### [Task directions]
The data must be returned in full, with no character altered.

Exercise input Start Marker

lemma jordan_diag_mem:
  "i < sum_list (map fst ns) \<Longrightarrow> \<exists>n. (n, jordan_diag ns i) \<in> set ns"
proof (induction ns arbitrary: i)
  case (Cons na ns)
  obtain n a where na: "na = (n, a)"
    by fastforce
  show ?case
  proof (cases "i < n")
    case False
    then have "i - n < sum_list (map fst ns)"
      using Cons.prems na by auto
    then show ?thesis
      using Cons.IH[of "i - n"] False na by fastforce
  qed (auto simp: na)
qed simp

lemma jordan_tail_lt:
  "i < sum_list (map fst ns) \<Longrightarrow> \<exists>n a. (n, a) \<in> set ns \<and> jordan_tail ns i < n"
proof (induction ns arbitrary: i)
  case (Cons na ns)
  obtain n a where na: "na = (n, a)"
    by fastforce
  show ?case
  proof (cases "i < n")
    case False
    then have "i - n < sum_list (map fst ns)"
      using Cons.prems na by auto
    then show ?thesis
      using Cons.IH[of "i - n"] False na by fastforce
  qed (auto simp: na)
qed simp

lemma jordan_tail_Suc:
  "i < sum_list (map fst ns) \<Longrightarrow> 0 < jordan_tail ns i \<Longrightarrow>
    Suc i < sum_list (map fst ns) \<and> jordan_tail ns (Suc i) = jordan_tail ns i - 1"
proof (induction ns arbitrary: i)
  case (Cons na ns)
  obtain n a where na: "na = (n, a)"
    by fastforce
  show ?case
  proof (cases "i < n")
    case False
    then have "i - n < sum_list (map fst ns)" "Suc i - n = Suc (i - n)"
      using Cons.prems na by auto
    then show ?thesis
      using Cons.prems Cons.IH[of "i - n"] False unfolding na by auto
  qed (use Cons.prems na in auto)
qed simp

lemma index_shifted_jordan_mult_vec:
  fixes ns :: "(nat \<times> complex) list" and \<mu> :: complex
  defines "N \<equiv> sum_list (map fst ns)"
  assumes w: "w \<in> carrier_vec N" and i: "i < N"
  shows "((jordan_matrix ns - \<mu> \<cdot>\<^sub>m 1\<^sub>m N) *\<^sub>v w) $ i =
    (jordan_diag ns i - \<mu>) * w $ i + (if 0 < jordan_tail ns i then w $ Suc i else 0)"
proof -
  have "((jordan_matrix ns - \<mu> \<cdot>\<^sub>m 1\<^sub>m N) *\<^sub>v w) $ i =
      (\<Sum>j<N. (jordan_matrix ns - \<mu> \<cdot>\<^sub>m 1\<^sub>m N) $$ (i, j) * w $ j)"
    using w i by (simp add: index_mult_mat_vec_sum N_def del: index_mult_mat_vec)
  also have "\<dots> = (\<Sum>j<N. (if j = i then (jordan_diag ns i - \<mu>) * w $ j else 0) +
      (if j = Suc i \<and> 0 < jordan_tail ns i then w $ j else 0))"
    using i by (intro sum.cong refl) (auto simp: N_def index_jordan_matrix algebra_simps)
  also have "\<dots> = (jordan_diag ns i - \<mu>) * w $ i + (if 0 < jordan_tail ns i then w $ Suc i else 0)"
    using i jordan_tail_Suc[of i ns] by (auto simp: sum.distrib N_def)
  finally show ?thesis .
qed

lemma shifted_jordan_component_bound:
  fixes ns :: "(nat \<times> complex) list" and \<mu> :: complex and w :: "complex vec" and \<delta> :: real
  defines "N \<equiv> sum_list (map fst ns)"
  defines "r \<equiv> \<lambda>j. if j < N then cmod (((jordan_matrix ns - \<mu> \<cdot>\<^sub>m 1\<^sub>m N) *\<^sub>v w) $ j) else 0"
  assumes \<delta>: "0 < \<delta>" and gap: "\<And>n a. (n, a) \<in> set ns \<Longrightarrow> \<delta> \<le> cmod (a - \<mu>)"
    and w: "w \<in> carrier_vec N" and i: "i < N"
  shows "cmod (w $ i) \<le> (\<Sum>k\<le>jordan_tail ns i. r (i + k) / \<delta> ^ Suc k)"
  using i
proof (induction "jordan_tail ns i" arbitrary: i)
  case 0
  obtain n where "(n, jordan_diag ns i) \<in> set ns"
    using jordan_diag_mem 0 unfolding N_def by blast
  then have "\<delta> * cmod (w $ i) \<le> cmod (jordan_diag ns i - \<mu>) * cmod (w $ i)"
    by (intro mult_right_mono gap) auto
  also have "\<dots> = r i"
    using 0 w
    by (simp add: r_def index_shifted_jordan_mult_vec N_def norm_mult del: index_mult_mat_vec)
  finally show ?case
    using 0 \<delta> by (simp add: field_simps)
next
  case (Suc t)
  then have next_i: "Suc i < N" "jordan_tail ns (Suc i) = t"
    using jordan_tail_Suc[of i ns] unfolding N_def by auto
  obtain n where "(n, jordan_diag ns i) \<in> set ns"
    using jordan_diag_mem Suc.prems unfolding N_def by blast
  then have "\<delta> * cmod (w $ i) \<le> cmod ((jordan_diag ns i - \<mu>) * w $ i)"
    by (auto simp: norm_mult intro: mult_right_mono gap)
  also have "\<dots> \<le> r i + cmod (w $ Suc i)"
    using Suc.prems Suc.hyps(2) w
      norm_triangle_ineq4[of "(jordan_diag ns i - \<mu>) * w $ i + w $ Suc i" "w $ Suc i"]
    by (simp add: r_def index_shifted_jordan_mult_vec N_def del: index_mult_mat_vec
        flip: Suc.hyps(2))
  also have "\<dots> \<le> r i + (\<Sum>k\<le>t. r (Suc i + k) / \<delta> ^ Suc k)"
    using Suc.hyps(1)[of "Suc i"] next_i by simp
  finally have "cmod (w $ i) \<le> (r i + (\<Sum>k\<le>t. r (Suc i + k) / \<delta> ^ Suc k)) / \<delta>"
    using \<delta> by (simp add: pos_le_divide_eq mult.commute)
  also have "\<dots> = r (i + 0) / \<delta> ^ Suc 0 + (\<Sum>k\<le>t. r (i + Suc k) / \<delta> ^ Suc (Suc k))"
    by (simp add: add_divide_distrib sum_divide_distrib mult.commute)
  also have "\<dots> = (\<Sum>k\<le>Suc t. r (i + k) / \<delta> ^ Suc k)"
    by (rule sum.atMost_Suc_shift[symmetric])
  finally show ?case
    using Suc.hyps(2) by simp
qed

lemma L2_set_sum_le: "finite K \<Longrightarrow> L2_set (\<lambda>i. \<Sum>k\<in>K. f k i) A \<le> (\<Sum>k\<in>K. L2_set (f k) A)"
proof (induction K rule: finite_induct)
  case (insert x K)
  have "L2_set (\<lambda>i. \<Sum>k\<in>insert x K. f k i) A = L2_set (\<lambda>i. f x i + (\<Sum>k\<in>K. f k i)) A"
    using insert by simp
  also have "\<dots> \<le> L2_set (f x) A + L2_set (\<lambda>i. \<Sum>k\<in>K. f k i) A"
    by (rule L2_set_triangle_ineq)
  finally show ?case
    using insert by simp
qed (simp add: L2_set_def)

Exercise input End Marker

### [Task answer]
lemma jordan_diag_mem:
  "i < sum_list (map fst ns) \<Longrightarrow> \<exists>n. (n, jordan_diag ns i) \<in> set ns"
proof (induction ns arbitrary: i)
  case (Cons na ns)
  obtain n a where na: "na = (n, a)"
    by fastforce
  show ?case
  proof (cases "i < n")
    case False
    then have "i - n < sum_list (map fst ns)"
      using Cons.prems na by auto
    then show ?thesis
      using Cons.IH[of "i - n"] False na by fastforce
  qed (auto simp: na)
qed simp

lemma jordan_tail_lt:
  "i < sum_list (map fst ns) \<Longrightarrow> \<exists>n a. (n, a) \<in> set ns \<and> jordan_tail ns i < n"
proof (induction ns arbitrary: i)
  case (Cons na ns)
  obtain n a where na: "na = (n, a)"
    by fastforce
  show ?case
  proof (cases "i < n")
    case False
    then have "i - n < sum_list (map fst ns)"
      using Cons.prems na by auto
    then show ?thesis
      using Cons.IH[of "i - n"] False na by fastforce
  qed (auto simp: na)
qed simp

lemma jordan_tail_Suc:
  "i < sum_list (map fst ns) \<Longrightarrow> 0 < jordan_tail ns i \<Longrightarrow>
    Suc i < sum_list (map fst ns) \<and> jordan_tail ns (Suc i) = jordan_tail ns i - 1"
proof (induction ns arbitrary: i)
  case (Cons na ns)
  obtain n a where na: "na = (n, a)"
    by fastforce
  show ?case
  proof (cases "i < n")
    case False
    then have "i - n < sum_list (map fst ns)" "Suc i - n = Suc (i - n)"
      using Cons.prems na by auto
    then show ?thesis
      using Cons.prems Cons.IH[of "i - n"] False unfolding na by auto
  qed (use Cons.prems na in auto)
qed simp

lemma index_shifted_jordan_mult_vec:
  fixes ns :: "(nat \<times> complex) list" and \<mu> :: complex
  defines "N \<equiv> sum_list (map fst ns)"
  assumes w: "w \<in> carrier_vec N" and i: "i < N"
  shows "((jordan_matrix ns - \<mu> \<cdot>\<^sub>m 1\<^sub>m N) *\<^sub>v w) $ i =
    (jordan_diag ns i - \<mu>) * w $ i + (if 0 < jordan_tail ns i then w $ Suc i else 0)"
proof -
  have "((jordan_matrix ns - \<mu> \<cdot>\<^sub>m 1\<^sub>m N) *\<^sub>v w) $ i =
      (\<Sum>j<N. (jordan_matrix ns - \<mu> \<cdot>\<^sub>m 1\<^sub>m N) $$ (i, j) * w $ j)"
    using w i by (simp add: index_mult_mat_vec_sum N_def del: index_mult_mat_vec)
  also have "\<dots> = (\<Sum>j<N. (if j = i then (jordan_diag ns i - \<mu>) * w $ j else 0) +
      (if j = Suc i \<and> 0 < jordan_tail ns i then w $ j else 0))"
    using i by (intro sum.cong refl) (auto simp: N_def index_jordan_matrix algebra_simps)
  also have "\<dots> = (jordan_diag ns i - \<mu>) * w $ i + (if 0 < jordan_tail ns i then w $ Suc i else 0)"
    using i jordan_tail_Suc[of i ns] by (auto simp: sum.distrib N_def)
  finally show ?thesis .
qed

lemma shifted_jordan_component_bound:
  fixes ns :: "(nat \<times> complex) list" and \<mu> :: complex and w :: "complex vec" and \<delta> :: real
  defines "N \<equiv> sum_list (map fst ns)"
  defines "r \<equiv> \<lambda>j. if j < N then cmod (((jordan_matrix ns - \<mu> \<cdot>\<^sub>m 1\<^sub>m N) *\<^sub>v w) $ j) else 0"
  assumes \<delta>: "0 < \<delta>" and gap: "\<And>n a. (n, a) \<in> set ns \<Longrightarrow> \<delta> \<le> cmod (a - \<mu>)"
    and w: "w \<in> carrier_vec N" and i: "i < N"
  shows "cmod (w $ i) \<le> (\<Sum>k\<le>jordan_tail ns i. r (i + k) / \<delta> ^ Suc k)"
  using i
proof (induction "jordan_tail ns i" arbitrary: i)
  case 0
  obtain n where "(n, jordan_diag ns i) \<in> set ns"
    using jordan_diag_mem 0 unfolding N_def by blast
  then have "\<delta> * cmod (w $ i) \<le> cmod (jordan_diag ns i - \<mu>) * cmod (w $ i)"
    by (intro mult_right_mono gap) auto
  also have "\<dots> = r i"
    using 0 w
    by (simp add: r_def index_shifted_jordan_mult_vec N_def norm_mult del: index_mult_mat_vec)
  finally show ?case
    using 0 \<delta> by (simp add: field_simps)
next
  case (Suc t)
  then have next_i: "Suc i < N" "jordan_tail ns (Suc i) = t"
    using jordan_tail_Suc[of i ns] unfolding N_def by auto
  obtain n where "(n, jordan_diag ns i) \<in> set ns"
    using jordan_diag_mem Suc.prems unfolding N_def by blast
  then have "\<delta> * cmod (w $ i) \<le> cmod ((jordan_diag ns i - \<mu>) * w $ i)"
    by (auto simp: norm_mult intro: mult_right_mono gap)
  also have "\<dots> \<le> r i + cmod (w $ Suc i)"
    using Suc.prems Suc.hyps(2) w
      norm_triangle_ineq4[of "(jordan_diag ns i - \<mu>) * w $ i + w $ Suc i" "w $ Suc i"]
    by (simp add: r_def index_shifted_jordan_mult_vec N_def del: index_mult_mat_vec
        flip: Suc.hyps(2))
  also have "\<dots> \<le> r i + (\<Sum>k\<le>t. r (Suc i + k) / \<delta> ^ Suc k)"
    using Suc.hyps(1)[of "Suc i"] next_i by simp
  finally have "cmod (w $ i) \<le> (r i + (\<Sum>k\<le>t. r (Suc i + k) / \<delta> ^ Suc k)) / \<delta>"
    using \<delta> by (simp add: pos_le_divide_eq mult.commute)
  also have "\<dots> = r (i + 0) / \<delta> ^ Suc 0 + (\<Sum>k\<le>t. r (i + Suc k) / \<delta> ^ Suc (Suc k))"
    by (simp add: add_divide_distrib sum_divide_distrib mult.commute)
  also have "\<dots> = (\<Sum>k\<le>Suc t. r (i + k) / \<delta> ^ Suc k)"
    by (rule sum.atMost_Suc_shift[symmetric])
  finally show ?case
    using Suc.hyps(2) by simp
qed

lemma L2_set_sum_le: "finite K \<Longrightarrow> L2_set (\<lambda>i. \<Sum>k\<in>K. f k i) A \<le> (\<Sum>k\<in>K. L2_set (f k) A)"
proof (induction K rule: finite_induct)
  case (insert x K)
  have "L2_set (\<lambda>i. \<Sum>k\<in>insert x K. f k i) A = L2_set (\<lambda>i. f x i + (\<Sum>k\<in>K. f k i)) A"
    using insert by simp
  also have "\<dots> \<le> L2_set (f x) A + L2_set (\<lambda>i. \<Sum>k\<in>K. f k i) A"
    by (rule L2_set_triangle_ineq)
  finally show ?case
    using insert by simp
qed (simp add: L2_set_def)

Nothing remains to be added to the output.